## HRA Hierarchical Tissue Unit Annotation

In this notebook, we will build on [an existing one on hierarchical tissue unit annotation](https://github.com/HickeyLab/Hierarchical-Tissue-Unit-Annotation) by [Dr. John Hickey](https://bme.duke.edu/people/john-hickey/). Concretely, we will take a CSV file with cell positions, types, donor IDs, and extraction sites, and then create a nost-dist-vis widget. For more information and documentation on hra-jupyter-widgets, please see [https://github.com/x-atlas-consortia/hra-jupyter-widgets/blob/main/usage.ipynb](https://github.com/x-atlas-consortia/hra-jupyter-widgets/blob/main/usage.ipynb).

## Load libraries

In [None]:
# Import native packages
import time
import sys
import math
import os

In [None]:
#Install and import external packages
%pip install matplotlib
import matplotlib.pyplot as plt

%pip install pandas
import pandas as pd

%pip install seaborn
import seaborn as sns

%pip install numpy
import numpy as np

%pip install -U scikit-learn
from sklearn.neighbors import NearestNeighbors
from sklearn.cluster import MiniBatchKMeans
from sklearn.cluster import KMeans

%pip install ipywidgets
import ipywidgets as widgets

In [None]:
# Import hra-jupyter-widgets.

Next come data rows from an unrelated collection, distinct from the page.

definition is_additive :: "('o,'m) ccat \<Rightarrow> bool" where
  "is_additive C \<longleftrightarrow> is_category C \<and> is_zero_obj C (zero C) \<and>
    (\<exists>add :: 'm \<Rightarrow> 'm \<Rightarrow> 'm.
      (\<forall>x\<in>Obj C. \<forall>y\<in>Obj C. \<forall>f\<in>hom C x y. \<forall>g\<in>hom C x y.
          add f g \<in> hom C x y \<and> add f g = add g f \<and> add f (zarr C x y) = f \<and>
          (\<forall>h\<in>hom C x y. add (add f g) h = add f (add g h)) \<and>
          (\<exists>g'\<in>hom C x y. add f g' = zarr C x y)) \<and>
      (\<forall>x\<in>Obj C. \<forall>y\<in>Obj C. \<forall>z\<in>Obj C. \<forall>f\<in>hom C x y. \<forall>g\<in>hom C x y. \<forall>h\<in>hom C y z.
          comp C h (add f g) = add (comp C h f) (comp C h g)) \<and>
      (\<forall>x\<in>Obj C. \<forall>y\<in>Obj C. \<forall>z\<in>Obj C. \<forall>f\<in>hom C y z. \<forall>g\<in>hom C y z. \<forall>h\<in>hom C x y.
          comp C (add f g) h = add (comp C f h) (comp C g h)) \<and>
      (\<forall>a\<in>Obj C. \<forall>b\<in>Obj C. \<exists>s\<in>Obj C. \<exists>i1\<in>hom C a s. \<exists>i2\<in>hom C b s.
          \<exists>p1\<in>hom C s a. \<exists>p2\<in>hom C s b.
          comp C p1 i1 = idm C a \<and> comp C p2 i2 = idm C b \<and>
          comp C p2 i1 = zarr C a b \<and> comp C p1 i2 = zarr C b a \<and>
          add (comp C i1 p1) (comp C i2 p2) = idm C s))"

text \<open>Category with cofibrations (Waldhausen's axioms without weak equivalences).\<close>
definition is_cat_with_cof :: "('o,'m) ccat \<Rightarrow> bool" where
  "is_cat_with_cof C \<longleftrightarrow> is_category C \<and> is_zero_obj C (zero C) \<and>
     cofs C \<subseteq> Arr C \<and>
     (\<forall>f. is_iso C f \<longrightarrow> f \<in> cofs C) \<and>
     (\<forall>f\<in>cofs C. \<forall>g\<in>cofs C. cod C f = dom C g \<longrightarrow> comp C g f \<in> cofs C) \<and>
     (\<forall>x\<in>Obj C. from_zero C x \<in> cofs C) \<and>
     (\<forall>i\<in>cofs C. \<forall>f\<in>Arr C. dom C f = dom C i \<longrightarrow>
        (\<exists>j g. is_pushout C i f j g \<and> j \<in> cofs C))"

definition is_additive_cat_with_cof :: "('o,'m) ccat \<Rightarrow> bool" where
  "is_additive_cat_with_cof C \<longleftrightarrow> is_additive C \<and> is_cat_with_cof C"

text \<open>Cofibration sequence x >-> y ->> y/x : i cofibration, and the square
  (i, x -> 0, 0 -> z, p) is a pushout, i.e. z = y \<union>_x 0.\<close>
definition cofseq :: "('o,'m) ccat \<Rightarrow> 'm \<Rightarrow> 'm \<Rightarrow> bool" where
  "cofseq C i p \<longleftrightarrow> i \<in> cofs C \<and>
     is_pushout C i (to_zero C (dom C i)) (from_zero C (cod C p)) p"

definition admissible :: "('o,'m) ccat \<Rightarrow> 'm set \<Rightarrow> bool" where
  "admissible C W \<longleftrightarrow> W \<subseteq> Arr C \<and>
     (\<forall>f. is_iso C f \<longrightarrow> f \<in> W) \<and>
     (\<forall>f\<in>Arr C. \<forall>g\<in>Arr C. cod C f = dom C g \<longrightarrow>
        (f \<in> W \<and> g \<in> W \<longrightarrow> comp C g f \<in> W) \<and>
        (f \<in> W \<and> comp C g f \<in> W \<longrightarrow> g \<in> W) \<and>
        (g \<in> W \<and> comp C g f \<in> W \<longrightarrow> f \<in> W)) \<and>
     (\<forall>i p i' p' a b c. cofseq C i p \<and> cofseq C i' p' \<and>
        a \<in> hom C (dom C i) (dom C i') \<and> b \<in> hom C (cod C i) (cod C i') \<and>
        c \<in> hom C (cod C p) (cod C p') \<and>
        comp C b i = comp C i' a \<and> comp C c p = comp C p' b \<longrightarrow>
        (a \<in> W \<and> b \<in> W \<longrightarrow> c \<in> W) \<and>
        (a \<in> W \<and> c \<in> W \<longrightarrow> b \<in> W) \<and>
        (b \<in> W \<and> c \<in> W \<longrightarrow> a \<in> W))"

definition factorization_axiom :: "('o,'m) ccat \<Rightarrow> 'm set \<Rightarrow> bool" where
  "factorization_axiom C W \<longleftrightarrow>
     (\<forall>f\<in>Arr C. \<exists>i q. i \<in> cofs C \<and> q \<in> W \<and> q \<in> Arr C \<and>
        dom C i = dom C f \<and> cod C i = dom C q \<and> cod C q = cod C f \<and> comp C q i = f)"

text \<open>A filtered object is a pair (x, i) with x n an object and i n : x n -> x (n+1).\<close>
type_synonym ('o,'m) fobj = "(nat \<Rightarrow> 'o) \<times> (nat \<Rightarrow> 'm)"

record ('o,'m) fmor =
  fdom  :: "('o,'m) fobj"
  fcod  :: "('o,'m) fobj"
  fcomp :: "nat \<Rightarrow> 'm"

definition fobjs :: "('o,'m) ccat \<Rightarrow> ('o,'m) fobj set" where
  "fobjs C = {(x, i). \<forall>n. x n \<in> Obj C \<and> i n \<in> hom C (x n) (x (Suc n))}"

For documentation, please see https://github.com/x-atlas-consortia/hra-jupyter-widgets/blob/main/usage.ipynb
%pip install hra_jupyter_widgets
from hra_jupyter_widgets import (
    BodyUi,
    CdeVisualization,
    Eui,
    EuiOrganInformation,
    FtuExplorer,
    FtuExplorerSmall,
    MedicalIllustration,
    ModelViewer,
    NodeDistVis,
    Rui,
)

## Download data from Dryad

In [None]:
#  I tried using curl to download the CSV file from Dryad, but I got a 403 response (forbidden). So I downloaded the file manually via the browser from https://datadryad.org/stash/downloads/file_stream/2572152. Sicne it is 2.91 GB big, I added it to gitignore.
!curl -L https://datadryad.org/stash/downloads/file_stream/2572152 -o 23_09_CODEX_HuBMAP_alldata_Dryad_merged.csv

## Read data as DataFrame

In [None]:
# Read the CSV file and convert it to a df
df = pd.read_csv('data/23_09_CODEX_HuBMAP_alldata_Dryad_merged.csv', index_col=0)
df

In [None]:
# Only keep cells from one dataset by selecting 1 donor and 1 region
df_filtered = df[(df['donor'] == "B004") & (
    df['unique_region'] == "B004_Ascending")]

In [None]:
# Make new df with only x, y, and Cell Type columns (needed for node-dist-vis)
df_cells = df_filtered[['x', 'y', 'Cell Type']]
df_cells

In [None]:
# Next, let's define a function that turns a DataFrame into a node list that can then be passed into the CdeVisualization or NodeDistVis widget
def make_node_list(df:pd.DataFrame, is_3d:bool = False):
  """Turn a DataFrame into a list of dicts for passing them into a HRA widget

  Args:
      df (pd.DataFrame): A DataFrame with cells
  """
  if not is_3d:
    df.loc[:, 'z'] = 0
  
  node_list = [{'x': row['x'], 'y': row['y'], 'z': row['z'], 'Cell Type': row['Cell Type']}
                 for index, row in df.iterrows()]

  return node_list
  

In [None]:
# Prepare df_cells for visualization with NodeDistVis widget
node_list = make_node_list(df_cells, False)
node_list

In [None]:
# Finally, let's instantiate the NodeDistVis class with some parameters. We pass in the node_list, indicate Endothelial cells as targets for the edges. 
# As we are not supplying an edge list, we need to provide a max_edge_distance, which is set to 1000 (generiously)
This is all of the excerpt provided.